We have seen that performing an integral over one variable requires us to take samples across a one-dimensional grid. Similarly, integration over two variables requires us to take samples on a two-dimensional grid, and so on. The number of grid points required scales exponentially with the number of variables, so that integrals over three or more dimensions can quickly become unmanageable. In this case, Monte Carlo integration can be very useful.

The volume of a sphere with unit radius in three dimensions is given by:

$V = \int\int\int_{-1}^1f(x,y,z)\mathrm{d}x\mathrm{d}y\mathrm{d}z$

where $f(x,y,z)=1$ everywhere inside the sphere and zero everywhere outside.

a) Use Monte Carlo integration to estimate the volume of this sphere using 100 random points.

b) Increase the number of random points until you reach an estimate that is exact to three significant figures.

c) By considering how many points would need to be sampled, estimate the length of time it would take to reach the same level of accuracy using a Riemann slice type method.

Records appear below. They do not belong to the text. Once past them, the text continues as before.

lemma ex_congruence_diag_if_herm_form_eq_1:
  fixes A :: "'a::comm_ring_1 poly^2^2"
  assumes herm: "cstar A = A" and one: "herm_form A x y = 1"
  obtains S where "det S = 1"
    and "cstar S ** A ** S = (\<chi> i j. if i = j then (if i = 1 then 1 else det A) else 0)"
proof -
  have entries: "A $ 2 $ 1 = pinv (A $ 1 $ 2)" "pinv (A $ 1 $ 1) = A $ 1 $ 1"
      "pinv (A $ 2 $ 2) = A $ 2 $ 2"
    using hermitian_nth [OF herm] by simp_all
  define P where "P = A $ 1 $ 1 * x + A $ 1 $ 2 * y"
  define R where "R = A $ 2 $ 1 * x + A $ 2 $ 2 * y"
  have "pinv x * P + pinv y * R = 1"
    using one by (simp add: herm_form_def P_def R_def algebra_simps)
  then have "x * pinv P + y * pinv R = 1"
    by (metis pinv_1 pinv_add pinv_mult pinv_pinv)
  \<comment> \<open>\<open>(P, R) = A (x, y)\<close>, so the second column of \<open>S\<close> is \<open>A\<close>-orthogonal to the first\<close>
  moreover define S :: "'a poly^2^2" where "S = vector [vector [x, - pinv R], vector [y, pinv P]]"
  ultimately have det_S: "det S = 1"
    by (simp add: S_def det_2 algebra_simps)
  define B where "B = cstar S ** A ** S"
  have B11: "B $ 1 $ 1 = 1"
    unfolding B_def congruence_1_1 using one by (simp add: S_def)
  have B12: "B $ 1 $ 2 = 0"
    by (simp add: B_def S_def P_def R_def entries algebra_simps)
  have "cstar B = B"
    unfolding B_def using herm by (rule hermitian_congruence)
  then have B21: "B $ 2 $ 1 = 0"
    using hermitian_nth [of B 1 2] B12 by simp
  have "det B = det A"
    unfolding B_def using det_S by (rule det_congruence)
  then have "B $ 2 $ 2 = det A"
    by (simp add: det_2 B11 B12 B21)
  with B11 B12 B21 have "B = (\<chi> i j. if i = j then (if i = 1 then 1 else det A) else 0)"
    by (simp add: mat_2_eq_iff)
  then show ?thesis
    using that det_S by (simp add: B_def)
qed
(* Let $q$ be a prime power and let $\mathscr{L}_1,\dots,\mathscr{L}_q$ be $q$ distinct parallel classes of affine lines in $\mathbb{F}_q^5$ (so each $\mathscr{L}_i$ consists of all $q^4$ lines with a fixed direction $d_i\in\mathbb{F}_q^5\setminus\{0\}$, and the directions $d_1,\dots,d_q$ are pairwise non-parallel). Let $G_{\mathscr{L}}(q)$ be the bipartite incidence graph between $\mathscr{P}=\mathbb{F}_q^5$ and $\mathscr{L}=\bigcup_{i\in[q]}\mathscr{L}_i$ (a point $x$ is adjacent to a line $\ell$ iff $x\in\ell$). Then for every $\delta>0$ there exists $q_0(\delta)$ such that for every prime power $q\ge q_0(\delta)$ and every such choice of classes, every subgraph $H\subseteq G_{\mathscr{L}}(q)$ with at least $\delta q^6$ edges contains a copy of $C_8$. More precisely, $\operatorname{ex}(G_{\mathscr{L}}(q),C_8)=O(q^{23/4})$ as $q\to\infty$, with the implied constant independent of the choice of parallel classes.
   Context: For graphs $G$ and $F$, $\operatorname{ex}(G,F)$ denotes the maximum number of edges in an $F$-free subgraph of $G$. $C_8$ is the cycle of length 8. *)

theory Defs
  imports Complex_Main "HOL-Algebra.Ring" "HOL-Library.FuncSet"
begin

definition points :: "('a, 'b) ring_scheme \<Rightarrow> (nat \<Rightarrow> 'a) set" where
  "points R = {0..<5} \<rightarrow>\<^sub>E carrier R"

definition zero_vec :: "('a, 'b) ring_scheme \<Rightarrow> nat \<Rightarrow> 'a" where
  "zero_vec R = restrict (\<lambda>k. \<zero>\<^bsub>R\<^esub>) {0..<5}"

definition smult_vec :: "('a, 'b) ring_scheme \<Rightarrow> 'a \<Rightarrow> (nat \<Rightarrow> 'a) \<Rightarrow> nat \<Rightarrow> 'a" where
  "smult_vec R c d = restrict (\<lambda>k. c \<otimes>\<^bsub>R\<^esub> d k) {0..<5}"

definition affine_line :: "('a, 'b) ring_scheme \<Rightarrow> (nat \<Rightarrow> 'a) \<Rightarrow> (nat \<Rightarrow> 'a) \<Rightarrow> (nat \<Rightarrow> 'a) set" where
  "affine_line R p d = {restrict (\<lambda>k. p k \<oplus>\<^bsub>R\<^esub> t \<otimes>\<^bsub>R\<^esub> d k) {0..<5} | t. t \<in> carrier R}"

definition parallel_class :: "('a, 'b) ring_scheme \<Rightarrow> (nat \<Rightarrow> 'a) \<Rightarrow> (nat \<Rightarrow> 'a) set set" where
  "parallel_class R d = {affine_line R p d | p. p \<in> points R}"
(* Let $c_b=\sum_{a=b+1}^{2b}|c_{a,b}|$. There is a constant $C_3<\infty$ such that $c_b\le C_3^b\, b!$ for all $b\ge1$.
   Context: The $c_{a,b}$, $(a,b)\in I=\{b\ge1,\ b+1\le a\le 2b\}$, are the lace-expansion coefficients for self-avoiding walk on $\mathbb Z^d$ (with memory $\tau\ge a$): let $f_\tau(a,N,D)$ be the number of equivalence classes, under the $2^D D!$ signed coordinate permutations of $\mathbb Z^D$, of memory-$\tau$ lace graphs of length $a$, type $N$ and dimensionality exactly $D$ (lace graphs are nearest-neighbour walks with additional structure as in the Brydges–Spencer lace expansion; the set of lace graphs is invariant under lattice symmetries, there are at most $(2D)^a$ lace graphs of length $a$ in $\mathbb Z^D$ in total over all types, and a lace graph of dimensionality $D$ has length at least $2D$). With $s=1/(2d)$, $c_{a,b,N}$ is defined by $\sum_{D=1}^{\lfloor a/2\rfloor}f_\tau(a,N,D)\,2d(2d-2)\cdots(2d-2D+2)=\sum_{b=\lceil a/2\rceil}^{a-1}c_{a,b,N}s^{b-a}$, and $c_{a,b}=\sum_{N\ge1}(-1)^{N+1}c_{a,b,N}$. *)

theory Defs
  imports Main "HOL-Combinatorics.Permutations" "HOL-Computational_Algebra.Polynomial"
begin

text \<open>A lace graph of length a is modelled as a pair (extra structure, walk), where the
walk is a nearest-neighbour walk from the origin given by its list of steps; a step
is (coordinate index, True = positive direction / False = negative direction).
Coordinates range over nat, so a walk lies in Z^D iff all its coordinates are < D.\<close>

type_synonym 'g lgraph = "'g \<times> (nat \<times> bool) list"

definition coords :: "'g lgraph \<Rightarrow> nat set" where
  "coords x = fst ` set (snd x)"

definition dimensionality :: "'g lgraph \<Rightarrow> nat" where
  "dimensionality x = card (coords x)"

definition act :: "(nat \<Rightarrow> nat) \<Rightarrow> (nat \<Rightarrow> bool) \<Rightarrow> 'g lgraph \<Rightarrow> 'g lgraph" where
  "act p e x = (fst x, map (\<lambda>(i, sg). (p i, sg \<noteq> e i)) (snd x))"

definition sperm_rel :: "nat \<Rightarrow> 'g lgraph set \<Rightarrow> ('g lgraph \<times> 'g lgraph) set" where
  "sperm_rel D A = {(x, y). x \<in> A \<and> y \<in> A \<and>
      (\<exists>p e. p permutes {..<D} \<and> y = act p e x)}"

text \<open>f(a,N,D): number of equivalence classes of lace graphs of length a, type N and
dimensionality exactly D in Z^D.\<close>
definition lace_f :: "(nat \<Rightarrow> nat \<Rightarrow> 'g lgraph set) \<Rightarrow> nat \<Rightarrow> nat \<Rightarrow> nat \<Rightarrow> nat" where
  "lace_f LG a N D =
     (let A = {x \<in> LG a N. coords x = {..<D}} in card (A // sperm_rel D A))"

text \<open>c_{a,b,N}: with x = 1/s = 2d, 2d(2d-2)...(2d-2D+2) = prod_{j<D} (x - 2j), and
c_{a,b,N} is the coefficient of x^(a-b) = s^(b-a) in
sum_{D=1}^{floor(a/2)} f(a,N,D) prod_{j<D}(x - 2j).\<close>
definition lace_c :: "(nat \<Rightarrow> nat \<Rightarrow> 'g lgraph set) \<Rightarrow> nat \<Rightarrow> nat \<Rightarrow> nat \<Rightarrow> int" where
  "lace_c LG a b N =
     coeff (\<Sum>D\<in>{1..a div 2}. of_nat (lace_f LG a N D) *
              (\<Prod>j<D. [:- 2 * of_nat j, 1:])) (a - b)"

The Stefan-Boltzmann constant re-visited

In the lesson exercise we use rectangular slices to estimate the Stefan-Boltzmann constant to three significant figures. The trapezoidal rule is a neat extension to rectangular slices, where the value at the start and end of each segment is considered. It can be expressed as

$\int^b_af(x)\mathrm{d}x = h\left[\frac{1}{2}f(a)+\frac{1}{2}f(b)+\sum_{k=1}^{N-1}f(a+kh)\right]$

a) Use the trapezoidal rule to re-calculate the Stefan-Boltzmann constant to three significant figures

b) Demonstrate that the error scales quadratically with $h^2$, and that the trapezoidal rule is more computationally efficient than using rectangular slices

c) The error $\epsilon_n$ on the nth estimate of an integral is given by $\epsilon_n = \frac{1}{3}(I_n-I_{n-1})$. Using this expression, write a programme that calculates the Stefan-Boltzmann with a maximum absolute error of 1E-5.